*Records contained in a dataset*.

Content starts

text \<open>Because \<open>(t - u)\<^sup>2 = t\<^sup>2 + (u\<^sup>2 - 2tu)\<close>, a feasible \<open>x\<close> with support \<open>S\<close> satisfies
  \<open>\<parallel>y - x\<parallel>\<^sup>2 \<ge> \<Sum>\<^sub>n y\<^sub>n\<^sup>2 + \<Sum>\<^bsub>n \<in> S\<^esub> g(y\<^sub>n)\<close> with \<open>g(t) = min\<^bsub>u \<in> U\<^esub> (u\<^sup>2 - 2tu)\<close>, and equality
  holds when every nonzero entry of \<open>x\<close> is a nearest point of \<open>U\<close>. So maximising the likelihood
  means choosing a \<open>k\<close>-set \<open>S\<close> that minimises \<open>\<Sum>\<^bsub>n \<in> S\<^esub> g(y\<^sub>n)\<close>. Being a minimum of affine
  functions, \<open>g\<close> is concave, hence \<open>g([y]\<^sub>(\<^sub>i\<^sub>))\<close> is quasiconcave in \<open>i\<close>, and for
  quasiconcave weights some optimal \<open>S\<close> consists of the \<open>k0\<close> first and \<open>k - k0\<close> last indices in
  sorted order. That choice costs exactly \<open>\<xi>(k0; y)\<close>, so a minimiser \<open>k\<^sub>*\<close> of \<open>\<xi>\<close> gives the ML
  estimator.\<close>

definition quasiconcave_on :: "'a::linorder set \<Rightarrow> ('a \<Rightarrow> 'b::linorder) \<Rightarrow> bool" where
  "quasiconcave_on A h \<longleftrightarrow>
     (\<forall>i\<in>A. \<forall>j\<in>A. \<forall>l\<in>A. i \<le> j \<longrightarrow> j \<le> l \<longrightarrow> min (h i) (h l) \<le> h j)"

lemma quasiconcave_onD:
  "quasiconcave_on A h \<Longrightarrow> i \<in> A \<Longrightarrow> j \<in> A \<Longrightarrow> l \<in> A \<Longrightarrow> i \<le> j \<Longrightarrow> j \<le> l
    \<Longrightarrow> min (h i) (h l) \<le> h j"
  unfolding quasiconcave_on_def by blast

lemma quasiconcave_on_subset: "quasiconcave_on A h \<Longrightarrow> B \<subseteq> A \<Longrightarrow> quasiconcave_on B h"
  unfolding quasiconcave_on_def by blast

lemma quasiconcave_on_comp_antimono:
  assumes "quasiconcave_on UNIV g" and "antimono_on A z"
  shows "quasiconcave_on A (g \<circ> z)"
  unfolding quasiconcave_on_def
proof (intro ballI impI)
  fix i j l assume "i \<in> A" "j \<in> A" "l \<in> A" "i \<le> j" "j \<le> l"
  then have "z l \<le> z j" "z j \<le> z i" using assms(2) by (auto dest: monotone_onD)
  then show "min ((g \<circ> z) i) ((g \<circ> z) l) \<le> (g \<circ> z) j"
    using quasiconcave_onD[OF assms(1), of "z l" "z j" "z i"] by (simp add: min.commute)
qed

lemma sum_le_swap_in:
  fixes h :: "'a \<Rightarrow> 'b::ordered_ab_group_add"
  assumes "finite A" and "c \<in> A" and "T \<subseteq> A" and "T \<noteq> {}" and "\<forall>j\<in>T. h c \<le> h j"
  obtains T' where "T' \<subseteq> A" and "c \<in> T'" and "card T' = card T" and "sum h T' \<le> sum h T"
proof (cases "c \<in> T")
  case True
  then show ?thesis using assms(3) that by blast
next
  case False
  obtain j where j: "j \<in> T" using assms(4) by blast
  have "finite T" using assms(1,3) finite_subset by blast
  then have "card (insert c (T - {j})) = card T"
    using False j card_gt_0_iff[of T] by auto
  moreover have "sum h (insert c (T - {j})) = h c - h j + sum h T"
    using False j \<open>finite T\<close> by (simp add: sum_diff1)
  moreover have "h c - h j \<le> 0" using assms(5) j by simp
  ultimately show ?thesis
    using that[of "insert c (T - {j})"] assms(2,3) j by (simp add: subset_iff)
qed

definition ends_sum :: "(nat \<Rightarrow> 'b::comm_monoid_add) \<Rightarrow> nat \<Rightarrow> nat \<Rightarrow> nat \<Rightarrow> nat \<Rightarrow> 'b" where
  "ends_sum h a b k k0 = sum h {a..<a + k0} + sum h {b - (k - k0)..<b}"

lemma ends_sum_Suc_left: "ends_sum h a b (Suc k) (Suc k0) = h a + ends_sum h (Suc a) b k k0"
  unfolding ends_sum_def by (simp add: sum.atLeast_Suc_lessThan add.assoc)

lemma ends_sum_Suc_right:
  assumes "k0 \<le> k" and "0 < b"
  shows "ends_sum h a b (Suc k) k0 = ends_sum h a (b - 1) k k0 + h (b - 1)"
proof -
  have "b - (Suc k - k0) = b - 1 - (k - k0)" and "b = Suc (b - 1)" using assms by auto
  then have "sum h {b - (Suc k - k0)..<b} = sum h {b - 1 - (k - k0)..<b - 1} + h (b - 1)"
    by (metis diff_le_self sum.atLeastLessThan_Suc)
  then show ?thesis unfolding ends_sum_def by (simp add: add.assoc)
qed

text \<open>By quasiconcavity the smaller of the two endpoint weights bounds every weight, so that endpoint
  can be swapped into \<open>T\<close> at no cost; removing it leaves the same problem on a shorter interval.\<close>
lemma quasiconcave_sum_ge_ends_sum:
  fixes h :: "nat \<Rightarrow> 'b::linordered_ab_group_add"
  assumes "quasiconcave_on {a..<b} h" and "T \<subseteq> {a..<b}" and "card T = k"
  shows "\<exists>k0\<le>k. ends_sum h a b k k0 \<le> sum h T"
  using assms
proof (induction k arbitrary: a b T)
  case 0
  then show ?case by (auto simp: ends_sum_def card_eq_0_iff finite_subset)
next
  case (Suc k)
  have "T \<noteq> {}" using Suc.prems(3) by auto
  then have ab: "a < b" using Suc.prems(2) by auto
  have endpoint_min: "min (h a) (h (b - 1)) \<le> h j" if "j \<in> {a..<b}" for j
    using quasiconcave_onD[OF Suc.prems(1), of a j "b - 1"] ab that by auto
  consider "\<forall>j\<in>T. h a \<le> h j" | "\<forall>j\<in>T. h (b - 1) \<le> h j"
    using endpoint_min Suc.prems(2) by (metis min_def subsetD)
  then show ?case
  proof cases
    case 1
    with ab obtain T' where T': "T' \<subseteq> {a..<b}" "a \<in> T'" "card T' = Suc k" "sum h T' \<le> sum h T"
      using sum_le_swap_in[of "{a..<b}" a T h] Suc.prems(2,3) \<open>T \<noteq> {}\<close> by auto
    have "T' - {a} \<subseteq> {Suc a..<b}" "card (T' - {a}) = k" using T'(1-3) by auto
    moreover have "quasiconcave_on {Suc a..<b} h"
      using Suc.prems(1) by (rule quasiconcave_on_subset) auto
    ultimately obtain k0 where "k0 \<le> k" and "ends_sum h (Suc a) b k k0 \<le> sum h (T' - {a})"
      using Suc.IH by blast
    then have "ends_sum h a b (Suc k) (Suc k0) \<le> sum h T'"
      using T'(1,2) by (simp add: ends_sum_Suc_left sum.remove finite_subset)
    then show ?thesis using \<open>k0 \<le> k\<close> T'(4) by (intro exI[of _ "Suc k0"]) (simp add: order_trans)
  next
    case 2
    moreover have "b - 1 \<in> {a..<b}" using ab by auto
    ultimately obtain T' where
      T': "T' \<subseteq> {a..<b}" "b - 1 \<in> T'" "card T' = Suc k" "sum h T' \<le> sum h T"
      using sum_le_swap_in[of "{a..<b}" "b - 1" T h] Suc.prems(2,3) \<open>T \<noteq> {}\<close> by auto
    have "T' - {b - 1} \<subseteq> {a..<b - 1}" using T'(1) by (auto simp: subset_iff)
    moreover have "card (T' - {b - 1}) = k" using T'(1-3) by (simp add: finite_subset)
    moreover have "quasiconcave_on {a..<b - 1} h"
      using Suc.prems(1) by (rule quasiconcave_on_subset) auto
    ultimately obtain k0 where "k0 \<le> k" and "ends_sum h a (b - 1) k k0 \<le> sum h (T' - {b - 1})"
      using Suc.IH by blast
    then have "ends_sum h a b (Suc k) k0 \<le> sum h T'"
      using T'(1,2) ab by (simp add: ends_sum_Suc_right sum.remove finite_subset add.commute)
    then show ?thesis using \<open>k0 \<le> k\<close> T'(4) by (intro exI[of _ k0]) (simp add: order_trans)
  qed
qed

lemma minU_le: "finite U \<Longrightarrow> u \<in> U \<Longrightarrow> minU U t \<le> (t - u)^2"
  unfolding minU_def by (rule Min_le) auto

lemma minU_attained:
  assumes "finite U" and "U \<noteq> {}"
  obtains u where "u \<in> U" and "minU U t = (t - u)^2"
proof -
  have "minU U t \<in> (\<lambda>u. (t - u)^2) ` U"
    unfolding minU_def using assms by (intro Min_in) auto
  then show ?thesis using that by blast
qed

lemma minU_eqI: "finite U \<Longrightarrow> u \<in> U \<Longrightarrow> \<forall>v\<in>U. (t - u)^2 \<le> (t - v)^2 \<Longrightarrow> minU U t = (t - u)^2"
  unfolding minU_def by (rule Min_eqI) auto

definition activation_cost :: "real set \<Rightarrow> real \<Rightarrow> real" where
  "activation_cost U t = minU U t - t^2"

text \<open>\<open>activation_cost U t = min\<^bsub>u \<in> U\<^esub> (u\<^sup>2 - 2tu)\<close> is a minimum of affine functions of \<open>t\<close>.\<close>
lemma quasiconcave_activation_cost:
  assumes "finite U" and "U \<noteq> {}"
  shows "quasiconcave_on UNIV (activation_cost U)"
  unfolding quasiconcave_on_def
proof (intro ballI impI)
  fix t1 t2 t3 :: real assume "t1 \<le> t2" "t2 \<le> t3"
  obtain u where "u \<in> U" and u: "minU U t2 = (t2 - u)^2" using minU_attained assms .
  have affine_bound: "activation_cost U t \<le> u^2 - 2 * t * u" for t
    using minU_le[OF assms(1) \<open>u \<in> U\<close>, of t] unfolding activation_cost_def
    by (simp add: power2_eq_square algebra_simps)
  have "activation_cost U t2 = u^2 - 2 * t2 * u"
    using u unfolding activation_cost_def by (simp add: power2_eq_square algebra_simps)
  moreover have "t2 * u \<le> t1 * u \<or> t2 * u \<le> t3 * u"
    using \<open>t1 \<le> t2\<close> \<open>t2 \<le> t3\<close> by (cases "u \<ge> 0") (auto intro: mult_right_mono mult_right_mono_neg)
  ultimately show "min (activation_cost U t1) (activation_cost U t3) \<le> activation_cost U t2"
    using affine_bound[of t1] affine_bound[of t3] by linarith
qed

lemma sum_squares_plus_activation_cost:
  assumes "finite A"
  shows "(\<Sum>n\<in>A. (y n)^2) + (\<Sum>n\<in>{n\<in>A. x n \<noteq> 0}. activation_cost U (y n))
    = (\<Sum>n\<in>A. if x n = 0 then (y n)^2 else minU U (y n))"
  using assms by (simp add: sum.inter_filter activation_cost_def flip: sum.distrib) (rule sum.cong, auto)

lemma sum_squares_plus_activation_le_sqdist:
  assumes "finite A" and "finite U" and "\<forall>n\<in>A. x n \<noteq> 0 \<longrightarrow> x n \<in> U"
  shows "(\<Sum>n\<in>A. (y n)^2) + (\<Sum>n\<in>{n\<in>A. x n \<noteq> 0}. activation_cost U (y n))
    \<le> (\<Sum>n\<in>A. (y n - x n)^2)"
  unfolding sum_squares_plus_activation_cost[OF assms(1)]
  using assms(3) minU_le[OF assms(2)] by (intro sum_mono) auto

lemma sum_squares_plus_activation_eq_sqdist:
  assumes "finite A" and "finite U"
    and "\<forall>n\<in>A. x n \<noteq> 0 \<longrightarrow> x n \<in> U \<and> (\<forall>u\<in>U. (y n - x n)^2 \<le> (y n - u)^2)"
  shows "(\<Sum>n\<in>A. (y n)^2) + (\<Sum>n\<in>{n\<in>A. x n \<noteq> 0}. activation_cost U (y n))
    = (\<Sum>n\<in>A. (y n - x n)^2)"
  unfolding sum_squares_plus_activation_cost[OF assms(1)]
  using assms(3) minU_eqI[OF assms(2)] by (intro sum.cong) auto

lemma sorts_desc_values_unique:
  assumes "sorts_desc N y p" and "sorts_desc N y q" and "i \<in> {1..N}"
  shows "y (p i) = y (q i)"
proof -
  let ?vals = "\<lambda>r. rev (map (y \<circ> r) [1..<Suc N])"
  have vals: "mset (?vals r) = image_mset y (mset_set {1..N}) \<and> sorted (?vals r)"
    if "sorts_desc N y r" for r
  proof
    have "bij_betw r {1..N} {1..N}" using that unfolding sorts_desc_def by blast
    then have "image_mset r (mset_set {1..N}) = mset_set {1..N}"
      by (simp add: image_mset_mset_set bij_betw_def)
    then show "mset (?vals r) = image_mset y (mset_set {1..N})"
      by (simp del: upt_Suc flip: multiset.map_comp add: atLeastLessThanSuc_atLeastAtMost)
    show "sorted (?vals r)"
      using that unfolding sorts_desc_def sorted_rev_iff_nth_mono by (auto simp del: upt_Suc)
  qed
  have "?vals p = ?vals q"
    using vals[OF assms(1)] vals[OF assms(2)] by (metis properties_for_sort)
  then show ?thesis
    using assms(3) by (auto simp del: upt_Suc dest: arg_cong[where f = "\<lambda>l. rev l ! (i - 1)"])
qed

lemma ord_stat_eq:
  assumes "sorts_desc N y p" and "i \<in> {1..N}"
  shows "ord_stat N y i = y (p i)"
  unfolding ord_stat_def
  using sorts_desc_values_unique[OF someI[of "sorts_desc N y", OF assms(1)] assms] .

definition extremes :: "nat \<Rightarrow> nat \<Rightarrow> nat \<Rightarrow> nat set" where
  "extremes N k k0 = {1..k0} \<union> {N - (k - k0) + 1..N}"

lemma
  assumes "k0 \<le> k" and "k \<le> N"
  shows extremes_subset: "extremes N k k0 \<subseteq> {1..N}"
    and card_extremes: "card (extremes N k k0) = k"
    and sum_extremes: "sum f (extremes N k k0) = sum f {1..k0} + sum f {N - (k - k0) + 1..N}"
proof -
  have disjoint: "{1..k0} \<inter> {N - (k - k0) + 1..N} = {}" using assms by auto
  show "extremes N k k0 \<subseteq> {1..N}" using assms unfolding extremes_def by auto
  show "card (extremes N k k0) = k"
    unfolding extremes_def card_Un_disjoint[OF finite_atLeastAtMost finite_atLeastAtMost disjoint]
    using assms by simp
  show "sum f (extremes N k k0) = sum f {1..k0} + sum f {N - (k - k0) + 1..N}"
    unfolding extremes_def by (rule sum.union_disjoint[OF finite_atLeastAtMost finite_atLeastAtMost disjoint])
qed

Content ends

*Brief*.
Select all lines with the word "esub" from the entries above.

*Answer area*.
  \<open>\<parallel>y - x\<parallel>\<^sup>2 \<ge> \<Sum>\<^sub>n y\<^sub>n\<^sup>2 + \<Sum>\<^bsub>n \<in> S\<^esub> g(y\<^sub>n)\<close> with \<open>g(t) = min\<^bsub>u \<in> U\<^esub> (u\<^sup>2 - 2tu)\<close>, and equality
  means choosing a \<open>k\<close>-set \<open>S\<close> that minimises \<open>\<Sum>\<^bsub>n \<in> S\<^esub> g(y\<^sub>n)\<close>. Being a minimum of affine
text \<open>\<open>activation_cost U t = min\<^bsub>u \<in> U\<^esub> (u\<^sup>2 - 2tu)\<close> is a minimum of affine functions of \<open>t\<close>.\<close>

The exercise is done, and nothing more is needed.